Vic didn’t respond, but I saw a flash of emotion go over him. “I mean I get it. I’m a fucking difficult person. I would’ve left me way sooner if I were you. But leaving me, because I don’t show you enough that I love you? That makes me fucking mad, Vic!”
He frowned. “How do you know that?” he said and he tilted the guitar over his head and put it away.
“Mike. At least he thought that that was the reason. He thought that you broke up with me because you were fighting for me all the time and I didn’t fight for you.” I said and his face grew a little bit paler.
“Listen, Luna.” He said sighing and he went with his hand through his hair. “I can’t do this now. I need space.”
“That’s too bad for you.” I said harshly. “I came back on my own, without my parents all the fucking way from England and you feel like you don’t want to talk to me?! Vic, what the fuck is wrong with you?”
He stepped a little closer to me and it lit the anger fire inside of me. His eyes were burning too. “You didn’t have to come back at all if you just came here to scream at me!” he yelled back at me and I wanted to punch him for being so right. I knew I needed to calm down, but I couldn’t.
“You can’t just leave me when we’re together on holiday and break up with me without a reason and then expect me to not scream at you!” I said all my anger towards him came out.

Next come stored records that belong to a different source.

lemma diagonal_in_Wsq:
  fixes s :: "4 \<times> 4 \<Rightarrow> 4 \<times> 4 \<Rightarrow> 'a::comm_ring_1"
  assumes "\<And>p q. s p q \<noteq> 0 \<Longrightarrow> p = q \<and> p \<in> bidx"
  shows "s \<in> Wsq"
proof -
  have "finite bidx"
    by (simp add: bidx_explicit)
  then obtain g where g: "bij_betw g {..<card bidx} bidx"
    using ex_bij_betw_nat_finite by (metis atLeast0LessThan)
  define A :: "nat \<Rightarrow> 'a ^ 4 ^ 4" where "A k = basis_bivector (g k)" for k
  have "s = (\<lambda>p q. \<Sum>k<card bidx. s (g k) (g k) * smul (A k) (A k) p q)"
  proof (intro ext)
    fix p q
    have "(\<Sum>k<card bidx. s (g k) (g k) * smul (A k) (A k) p q)
          = (\<Sum>r\<in>bidx. s r r * smul (basis_bivector r) (basis_bivector r) p q)"
      unfolding A_def by (rule sum.reindex_bij_betw[OF g])
    also have "\<dots> = (\<Sum>r\<in>bidx. if p = r \<and> q = r then s r r else 0)"
      by (rule sum.cong) (simp_all add: smul_basis_bivector_square)
    also have "\<dots> = s p q"
    proof (cases "p = q \<and> p \<in> bidx")
      case True
      then show ?thesis
        using \<open>finite bidx\<close> by auto
    next
      case False
      then have "s p q = 0"
        using assms by blast
      moreover have "(\<Sum>r\<in>bidx. if p = r \<and> q = r then s r r else 0) = 0"
        using False by (intro sum.neutral) auto
      ultimately show ?thesis
        by simp
    qed
    finally show "s p q = (\<Sum>k<card bidx. s (g k) (g k) * smul (A k) (A k) p q)"
      by simp
  qed
  moreover have "\<forall>k<card bidx. A k \<in> alt"
    by (simp add: A_def basis_bivector_def wedge2_in_alt)
  ultimately show ?thesis
    unfolding Wsq_def
    by (intro CollectI exI[of _ "card bidx"] exI[of _ "\<lambda>k. s (g k) (g k)"] exI[of _ A] conjI)
qed

lemma closed_walk_voltage_offdiag:
  fixes c :: "'a::field"
  assumes char: "CHAR('a) = 2" and "c \<noteq> 0"
    and vertices: "\<forall>k<n. ev (f k) (v k) \<noteq> 0"
    and adjacent: "\<forall>k<n. ev (f k) (v (Suc k mod n)) = 0 \<and> ev (f (Suc k mod n)) (v k) = 0"
    and pq: "p \<in> bidx" "q \<in> bidx" "p \<noteq> q"
  shows "(\<Sum>k<n. ell c (v k) (f k) (v (Suc k mod n)) (f (Suc k mod n)) p q)
           = of_nat n * inverse c * of_bool (idx_set p \<inter> idx_set q = {})"
proof -
  define P where "P k = vertex_potential c (v k) (f k) p q" for k
  define u where "u = inverse c * of_bool (idx_set p \<inter> idx_set q = {})"
  have "(\<Sum>k<n. ell c (v k) (f k) (v (Suc k mod n)) (f (Suc k mod n)) p q)
        = (\<Sum>k<n. P k + P (Suc k mod n) + u)"
  proof (rule sum.cong)
    fix k assume "k \<in> {..<n}"
    then have "k < n" "Suc k mod n < n" by auto
    then show "ell c (v k) (f k) (v (Suc k mod n)) (f (Suc k mod n)) p q = P k + P (Suc k mod n) + u"
      unfolding P_def u_def using vertices adjacent
      by (intro ell_offdiag_adjacent[OF char \<open>c \<noteq> 0\<close> _ _ _ _ pq]) auto
  qed simp
  also have "\<dots> = (\<Sum>k<n. P k) + (\<Sum>k<n. P k) + of_nat n * u"
    by (simp add: sum.distrib sum_lessThan_rotate)
  also have "\<dots> = of_nat n * u"
    by (simp add: add_self_CHAR_2[OF char])
  finally show ?thesis
    by (simp add: u_def)
qed

theorem odd_closed_walk_voltage_in_Wsq_plus_U:
  fixes c :: "'a::field"
  assumes char: "CHAR('a) = 2" and "c \<noteq> 0" and U_choice: "c * top4 w x y z = 1"
    and "odd n"
    and vertices: "\<forall>k<n. ev (f k) (v k) \<noteq> 0"
    and adjacent: "\<forall>k<n. ev (f k) (v (Suc k mod n)) = 0 \<and> ev (f (Suc k mod n)) (v k) = 0"
  shows "\<exists>s\<in>Wsq. (\<lambda>p q. \<Sum>k<n. ell c (v k) (f k) (v (Suc k mod n)) (f (Suc k mod n)) p q)
                  = (\<lambda>p q. s p q + Uel w x y z p q)"
proof
  define L where "L p q = (\<Sum>k<n. ell c (v k) (f k) (v (Suc k mod n)) (f (Suc k mod n)) p q)" for p q
  define s where "s p q = L p q - Uel w x y z p q" for p q
  have offdiag: "L p q = Uel w x y z p q" if pq: "p \<in> bidx" "q \<in> bidx" "p \<noteq> q" for p q
  proof -
    have "L p q = of_nat n * inverse c * of_bool (idx_set p \<inter> idx_set q = {})"
      unfolding L_def by (rule closed_walk_voltage_offdiag[OF char \<open>c \<noteq> 0\<close> vertices adjacent pq])
    also have "\<dots> = top4 w x y z * of_bool (idx_set p \<inter> idx_set q = {})"
      using inverse_unique[OF U_choice] of_nat_odd_CHAR_2[OF char \<open>odd n\<close>] by simp
    also have "\<dots> = Uel w x y z p q"
      by (rule Uel_offdiag[OF char pq, symmetric])
    finally show ?thesis .
  qed
  have outside: "L p q = 0" "Uel w x y z p q = 0" if "p \<notin> bidx \<or> q \<notin> bidx" for p q
    using that by (simp_all add: L_def ell_def Uel_def smul_outside_bidx)
  show "s \<in> Wsq"
  proof (rule diagonal_in_Wsq)
    fix p q
    assume nonzero: "s p q \<noteq> 0"
    have "p \<in> bidx \<and> q \<in> bidx"
    proof (rule ccontr)
      assume "\<not> (p \<in> bidx \<and> q \<in> bidx)"
      then have "L p q = 0" "Uel w x y z p q = 0"
        using outside by auto
      with nonzero show False
        by (simp add: s_def)
    qed
    moreover from this have "p = q"
      using nonzero offdiag[of p q] by (auto simp: s_def)
    ultimately show "p = q \<and> p \<in> bidx"
      by simp
  qed
  show "(\<lambda>p q. \<Sum>k<n. ell c (v k) (f k) (v (Suc k mod n)) (f (Suc k mod n)) p q)
          = (\<lambda>p q. s p q + Uel w x y z p q)"
    by (simp add: s_def L_def)
qed

theorem lemma3p10:
  fixes c :: "'a::field"
    and v f :: "nat \<Rightarrow> 'a ^ 4"
    and w x y z :: "'a ^ 4"
  assumes char2: "CHAR('a) = 2"
    and chi_iso: "c \<noteq> 0"
    and U_choice: "c * top4 w x y z = 1"
    and vertices: "\<forall>k<5. ev (f k) (v k) \<noteq> 0"
    and distinct: "inj_on (\<lambda>k. tens (v k) (f k)) {..<5}"
    and adjacent: "\<forall>k<5. ev (f k) (v (Suc k mod 5)) = 0 \<and> ev (f (Suc k mod 5)) (v k) = 0"
  shows "\<exists>s\<in>Wsq. \<exists>e\<in>{0, 1::'a}.
           (\<lambda>p q. \<Sum>k<5. ell c (v k) (f k) (v (Suc k mod 5)) (f (Suc k mod 5)) p q)
             = (\<lambda>p q. s p q + e * Uel w x y z p q)"
proof -
  have "odd (5::nat)"
    by simp
  then obtain s where "s \<in> Wsq"
    and "(\<lambda>p q. \<Sum>k<5. ell c (v k) (f k) (v (Suc k mod 5)) (f (Suc k mod 5)) p q)
           = (\<lambda>p q. s p q + Uel w x y z p q)"
    using odd_closed_walk_voltage_in_Wsq_plus_U[OF char2 chi_iso U_choice _ vertices adjacent]
    by blast
  then show ?thesis
    by (intro bexI[of _ s] bexI[of _ 1]) simp_all
qed
end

“I did have a reason!” he yelled. I had never found him more annoying in my entire life.
“Then why didn’t you just give it?!” I screamed at the top of my lunges. The volume of my voice seemed to shock everyone in the room. The sudden silence and tension made me realise why I was here again. I never meant for this to end in a fight. I just wanted to express my feelings.
I sighed and looked down at my hands. “Look, I’m sorry. I came here to fight for you, but all I’m doing is pushing you away by yelling at you. I just want you to know that I am fighting for you, that I would do that. There was just never a reason to, because you always stayed.” I said a lot calmer.

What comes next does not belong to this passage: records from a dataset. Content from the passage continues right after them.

lemma psi_eq_sinh_hat:
  assumes "1 \<le> l"
  shows "psi \<theta> (l, m) x
    = sqrt (2 / sinh ((2 / 2 ^ l) * \<theta>)) * sinh_hat \<theta> (real m / 2 ^ l) (1 / 2 ^ l) x"
proof -
  have breaks: "(real m - 1) / 2 ^ l = real m / 2 ^ l - 1 / (2::real) ^ l"
    "(real m + 1) / 2 ^ l = real m / 2 ^ l + 1 / (2::real) ^ l"
    by (simp_all only: diff_divide_distrib add_divide_distrib)
  have "l \<noteq> 0" using assms by simp
  then show ?thesis unfolding psi_def sinh_hat_def breaks prod.case if_not_P[OF \<open>l \<noteq> 0\<close>]
    by (simp only: if_distrib[of "\<lambda>v. sqrt (2 / sinh (2 / 2 ^ l * \<theta>)) * v"] mult_zero_right)
qed

lemma psi_eq_0_outside:
  assumes "1 \<le> l" "x \<notin> {(real m - 1) / 2 ^ l .. (real m + 1) / 2 ^ l}"
  shows "psi \<theta> (l, m) x = 0"
proof -
  have "(real m - 1) / 2 ^ l \<le> real m / (2::real) ^ l"
    "real m / 2 ^ l \<le> (real m + 1) / (2::real) ^ l"
    by (simp_all add: divide_right_mono)
  then show ?thesis using assms unfolding psi_def by auto
qed

lemma psi_grid_eq_0:
  assumes "1 \<le> l" "k \<noteq> m"
  shows "psi \<theta> (l, m) (real k / 2 ^ l) = 0"
proof -
  have "real k \<le> real m - 1 \<or> real m + 1 \<le> real k" using assms(2) by linarith
  then have "real k / 2 ^ l \<le> real m / 2 ^ l - 1 / 2 ^ l
      \<or> real m / 2 ^ l + 1 / 2 ^ l \<le> real k / 2 ^ l"
    by (auto simp: divide_right_mono simp flip: diff_divide_distrib add_divide_distrib)
  then show ?thesis by (simp add: psi_eq_sinh_hat[OF assms(1)] sinh_hat_eq_0)
qed

lemma hyperbolic_on_psi_base: "hyperbolic_on \<theta> S (psi \<theta> (0, m))"
proof -
  define s1 where "s1 = sqrt (2 * (1 + exp (- \<theta>)))"
  define s2 where "s2 = sqrt (2 * (1 - exp (- \<theta>)))"
  have e: "exp (- \<theta> * (1 - y)) = exp (- \<theta>) * exp (\<theta> * y)" for y
    by (simp add: exp_add[symmetric] algebra_simps)
  have "psi \<theta> (0, m) y = (if m = 1 then exp (- \<theta>) / s1 else - exp (- \<theta>) / s2) * exp (\<theta> * y)
      + (if m = 1 then 1 / s1 else 1 / s2) * exp (- (\<theta> * y))" for y
    unfolding psi_def s1_def s2_def e by (simp add: add_divide_distrib diff_divide_distrib)
  then show ?thesis unfolding hyperbolic_on_def by blast
qed

lemma dyadic_not_between:
  assumes "l \<le> n"
  shows "real q / 2 ^ l \<le> real j / 2 ^ n \<or> real (Suc j) / 2 ^ n \<le> real q / (2::real) ^ l"
proof -
  have "(2::real) ^ n = 2 ^ l * 2 ^ (n - l)"
    using assms by (simp flip: power_add)
  then have q: "real q / 2 ^ l = real (q * 2 ^ (n - l)) / (2::real) ^ n"
    by simp
  consider "q * 2 ^ (n - l) \<le> j" | "Suc j \<le> q * 2 ^ (n - l)" by linarith
  then show ?thesis unfolding q
    by cases (auto intro: divide_right_mono simp del: of_nat_mult of_nat_power of_nat_Suc)
qed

In the corner of my eyes I saw him shake his head. “That’s not true. After we had that fight in England, I made it very clear that I was slipping away from you, but you did nothing.” He said. His voice was a lot calmer too, but there was still sadness hearable in his voice.

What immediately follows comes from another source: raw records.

theorem theorem3p2:
  fixes n :: nat
  shows
  \<comment> \<open>U_n is symmetric (wherever all six parameter triples are admissible)\<close>
  "(\<forall>x y z. U_ok n x y z \<and> U_ok n x z y \<and> U_ok n y x z \<and> U_ok n y z x \<and>
        U_ok n z x y \<and> U_ok n z y x \<longrightarrow>
      U n x y z = U n x z y \<and> U n x y z = U n y x z \<and> U n x y z = U n y z x \<and>
      U n x y z = U n z x y \<and> U n x y z = U n z y x)
   \<and>
  \<comment> \<open>the six invariances of T_n\<close>
   (\<forall>a b c. T_ok a c \<and> T_ok a (1+a-c) \<and> T_ok (c-b-of_nat n) c
        \<and> T_ok (c-b-of_nat n) (1-b-of_nat n) \<and> T_ok (1+a-b-c-of_nat n) (1+a-c)
        \<and> T_ok (1+a-b-c-of_nat n) (1-b-of_nat n) \<longrightarrow>
      T n a b c = T n a b c \<and>
      T n a b c = T n a b (1+a-c) \<and>
      T n a b c = T n (c-b-of_nat n) (c-a-of_nat n) c \<and>
      T n a b c = T n (c-b-of_nat n) (c-a-of_nat n) (1-b-of_nat n) \<and>
      T n a b c = T n (1+a-b-c-of_nat n) (1-c-of_nat n) (1+a-c) \<and>
      T n a b c = T n (1+a-b-c-of_nat n) (1-c-of_nat n) (1-b-of_nat n))
   \<and>
  \<comment> \<open>correspondence: permuting (x,y,z) transforms the T-parameters (a,b,c) as listed\<close>
   (\<forall>x y z a b c. Upar n x y z = (a, b, c) \<longrightarrow>
      Upar n x y z = (a, b, c) \<and>
      Upar n x z y = (a, b, 1+a-c) \<and>
      Upar n y x z = (c-b-of_nat n, c-a-of_nat n, c) \<and>
      Upar n y z x = (c-b-of_nat n, c-a-of_nat n, 1-b-of_nat n) \<and>
      Upar n z x y = (1+a-b-c-of_nat n, 1-c-of_nat n, 1+a-c) \<and>
      Upar n z y x = (1+a-b-c-of_nat n, 1-c-of_nat n, 1-b-of_nat n))"
  by (intro conjI allI impI; (elim conjE)?;
      (rule refl | assumption | (rule U_symmetric T_invariances Upar_permute; assumption)))

end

“I was going to!” I said. “That conversation in which you broke up with me, I wanted to let you know back then that I want us to be together. Look I’m indifferent sometimes, I’m not as affectionate or open to feelings as other people, but that doesn’t mean I don’t love you with every single piece of my soul, of my heart.”
I had looked into his eyes when saying this and I saw them soften. I had never explained my feelings for him like this. Sure I had told him that I loved him before, but I wasn’t comfortable with speaking like this.
I put my hand slowly up to his cheek and he let me. I stroke his skin with my thumb. “I think I understand what we did here.” I said softly and he looked at me with a surprised look on his face. “You do?” he said softly.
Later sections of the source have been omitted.